Le jeune homme leva le bras bien haut et actionna la molette de l'objet qu'il tenait. A chaque pression, un réverbère de la rue s'éteignait et sa lueur disparaissait dans l'objet mystérieux.
Quand la rue fut sombre, le jeune homme soupira et regarda un espace vide derrière lui.
- T'es sûr de toi mon pote ?
Une tête brune et ébouriffée apparut soudain de nulle part.
- Je sais ce que je fais Ron.

Face à l'air dubitatif de son ami, Harry eut un large sourire et envoya une bourrade amicale dans le dos de son ami.
- Crois-moi, c'est l'endroit où je serais le plus en sécurité.
- Mais…

Cependant, le brun se dissimula de nouveau sous sa cape d'invisibilité alors que son ami soupirait en secouant la tête.
Ron observa les alentours avec une grimace septique, notant la rue miséreuse et sale, les maisons abandonnées. C'était sombre et glauque, pas vraiment l'endroit rêvé pour s'y établir.

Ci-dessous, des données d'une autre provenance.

lemma beta_phi_psi_in_E_mat:
  "0 < n \<Longrightarrow> v \<in> carrier_vec (2*n-1) \<Longrightarrow> beta_phi (psi n :: 'a::comm_ring_1 mat) v \<in> E_mat (2*n-1)"
  unfolding beta_phi_psi by (rule col_in_E_mat) (auto simp: index_psi_second_row intro!: sum.neutral)

lemma elem_mat_first_row_in_E_phi_psi:
  assumes n: "0 < n" and j: "0 < j" "j < 2*n-1"
  shows "elem_mat (2*n-1) 0 j c \<in> E_phi (psi n :: 'a::comm_ring_1 mat)"
proof -
  define p where "p = psi_partner (Suc j)"
  have p: "0 < p" "p < 2*n" using psi_partner_Suc_bounds[OF j] by (simp_all add: p_def)
  \<comment> \<open>row \<open>p - 1\<close> of \<open>\<nu>\<close> is \<open>-psi_sign (Suc j)\<close> times the unit vector at \<open>j\<close>\<close>
  define v :: "'a vec" where "v = (c * psi_sign (Suc j)) \<cdot>\<^sub>v unit_vec (2*n-1) (p-1)"
  have v: "v \<in> carrier_vec (2*n-1)" by (simp add: v_def)
  have "alpha_phi (psi n) v = elem_mat (2*n-1) 0 j c"
    unfolding alpha_phi_psi[OF n v] elem_mat_id_plus
  proof (rule id_plus_cong)
    fix r s :: nat assume "s < 2*n-1"
    have "(\<Sum>t<2*n-1. v$t * psi n $$ (t+1, s+1)) = c * psi_sign (Suc j) * (psi n :: 'a mat) $$ (p-1+1, s+1)"
      unfolding v_def by (rule sum_smult_unit_vec_left) (use p in simp)
    also have "\<dots> = (if s = j then - c else 0)"
      using p \<open>s < 2*n-1\<close> by (auto simp: index_psi p_def mult.assoc)
    finally have entry: "(\<Sum>t<2*n-1. v$t * psi n $$ (t+1, s+1)) = (if s = j then - c else 0)" .
    show "(if r = 0 then - (\<Sum>t<2*n-1. v$t * psi n $$ (t+1, s+1)) else 0)
        = (if r = 0 \<and> s = j then c else 0)" unfolding entry by simp
  qed
  then show ?thesis using alpha_phi_in_E_phi[of v "psi n"] v by simp
qed

lemma elem_mat_first_col_in_E_phi_psi:
  assumes n: "0 < n" and i: "0 < i" "i < 2*n-1"
  shows "elem_mat (2*n-1) i 0 c \<in> E_phi (psi n :: 'a::comm_ring_1 mat)"
proof -
  define p where "p = psi_partner (Suc i)"
  have p: "0 < p" "p < 2*n" using psi_partner_Suc_bounds[OF i] by (simp_all add: p_def)
  \<comment> \<open>column \<open>p - 1\<close> of \<open>\<nu>\<close> is \<open>psi_sign (Suc i)\<close> times the unit vector at \<open>i\<close>\<close>
  define v :: "'a vec" where "v = (psi_sign (Suc i) * c) \<cdot>\<^sub>v unit_vec (2*n-1) (p-1)"
  have v: "v \<in> carrier_vec (2*n-1)" by (simp add: v_def)
  have "beta_phi (psi n) v = elem_mat (2*n-1) i 0 c"
    unfolding beta_phi_psi[OF n v] elem_mat_id_plus
  proof (rule id_plus_cong)
    fix r s :: nat assume "r < 2*n-1"
    have "(\<Sum>t<2*n-1. psi n $$ (r+1, t+1) * v$t) = (psi n :: 'a mat) $$ (r+1, p-1+1) * (psi_sign (Suc i) * c)"
      unfolding v_def by (rule sum_smult_unit_vec_right) (use p in simp)
    also have "\<dots> = (if r = i then c else 0)"
      using p \<open>r < 2*n-1\<close> by (auto simp: index_psi p_def mult.assoc[symmetric])
    finally have entry: "(\<Sum>t<2*n-1. psi n $$ (r+1, t+1) * v$t) = (if r = i then c else 0)" .
    show "(if s = 0 then (\<Sum>t<2*n-1. psi n $$ (r+1, t+1) * v$t) else 0)
        = (if r = i \<and> s = 0 then c else 0)" unfolding entry by simp
  qed
  then show ?thesis using beta_phi_in_E_phi[of v "psi n"] v by simp
qed

lemma elem_mat_in_E_phi_psi:
  assumes n: "0 < n" and ij: "i < 2*n-1" "j < 2*n-1" "i \<noteq> j"
  shows "elem_mat (2*n-1) i j c \<in> E_phi (psi n :: 'a::comm_ring_1 mat)"
proof -
  consider "i = 0" | "j = 0" | "i \<noteq> 0" "j \<noteq> 0" by blast
  then show ?thesis
  proof cases
    case 1
    then show ?thesis using elem_mat_first_row_in_E_phi_psi[OF n] ij by simp
  next
    case 2
    then show ?thesis using elem_mat_first_col_in_E_phi_psi[OF n] ij by simp
  next
    case 3
    have "elem_mat (2*n-1) i 0 c * elem_mat (2*n-1) 0 j 1 * elem_mat (2*n-1) i 0 (-c)
        * elem_mat (2*n-1) 0 j (-1) \<in> E_phi (psi n :: 'a mat)"
      using 3 ij n by (intro E_phi_mult elem_mat_first_row_in_E_phi_psi elem_mat_first_col_in_E_phi_psi) auto
    then show ?thesis using elem_mat_commutator[of i "2*n-1" j 0 c] 3 ij by simp
  qed
qed

theorem lemma3p9:
  fixes n :: nat
  assumes "n \<ge> 1"
  shows "E_phi (psi n :: 'a::comm_ring_1 mat) = E_mat (2*n - 1)"
proof -
  have n: "0 < n" using assms by simp
  have "{alpha_phi (psi n) v |v. v \<in> carrier_vec (2*n-1)} \<union> {beta_phi (psi n) v |v. v \<in> carrier_vec (2*n-1)}
      \<subseteq> E_mat (2*n-1)"
    using alpha_phi_psi_in_E_mat[OF n] beta_phi_psi_in_E_mat[OF n] by blast
  moreover have "{elem_mat (2*n-1) i j c | i j c. i < 2*n-1 \<and> j < 2*n-1 \<and> i \<noteq> j}
      \<subseteq> E_phi (psi n :: 'a mat)"
    using elem_mat_in_E_phi_psi[OF n] by blast
  ultimately show ?thesis
    unfolding E_phi_def E_mat_def dim_psi by (rule gen_subgroup_eqI)
qed

end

En voyant son ami approcher de la seule maison qui ne semblait pas totalement abandonnée, Ron grommela doucement, conscient que Hermione allait le tuer lorsqu'elle découvrirait qu'il avait aidé Harry à réaliser son plan insensé.

Il hésita à le rappeler, pour tenter de le faire changer d'avis, mais le rouquin haussa les épaules, désabusé. Harry était une vraie tête de mule, et lorsqu'il avait décidé quelque chose, il n'y avait pas moyen de le ramener à la raison.

Ron observa la porte de la maison sinistre s'ouvrir et se refermer, et il attendit quelques instants, espérant presque voir son ami être jeté dehors avec pertes et fracas.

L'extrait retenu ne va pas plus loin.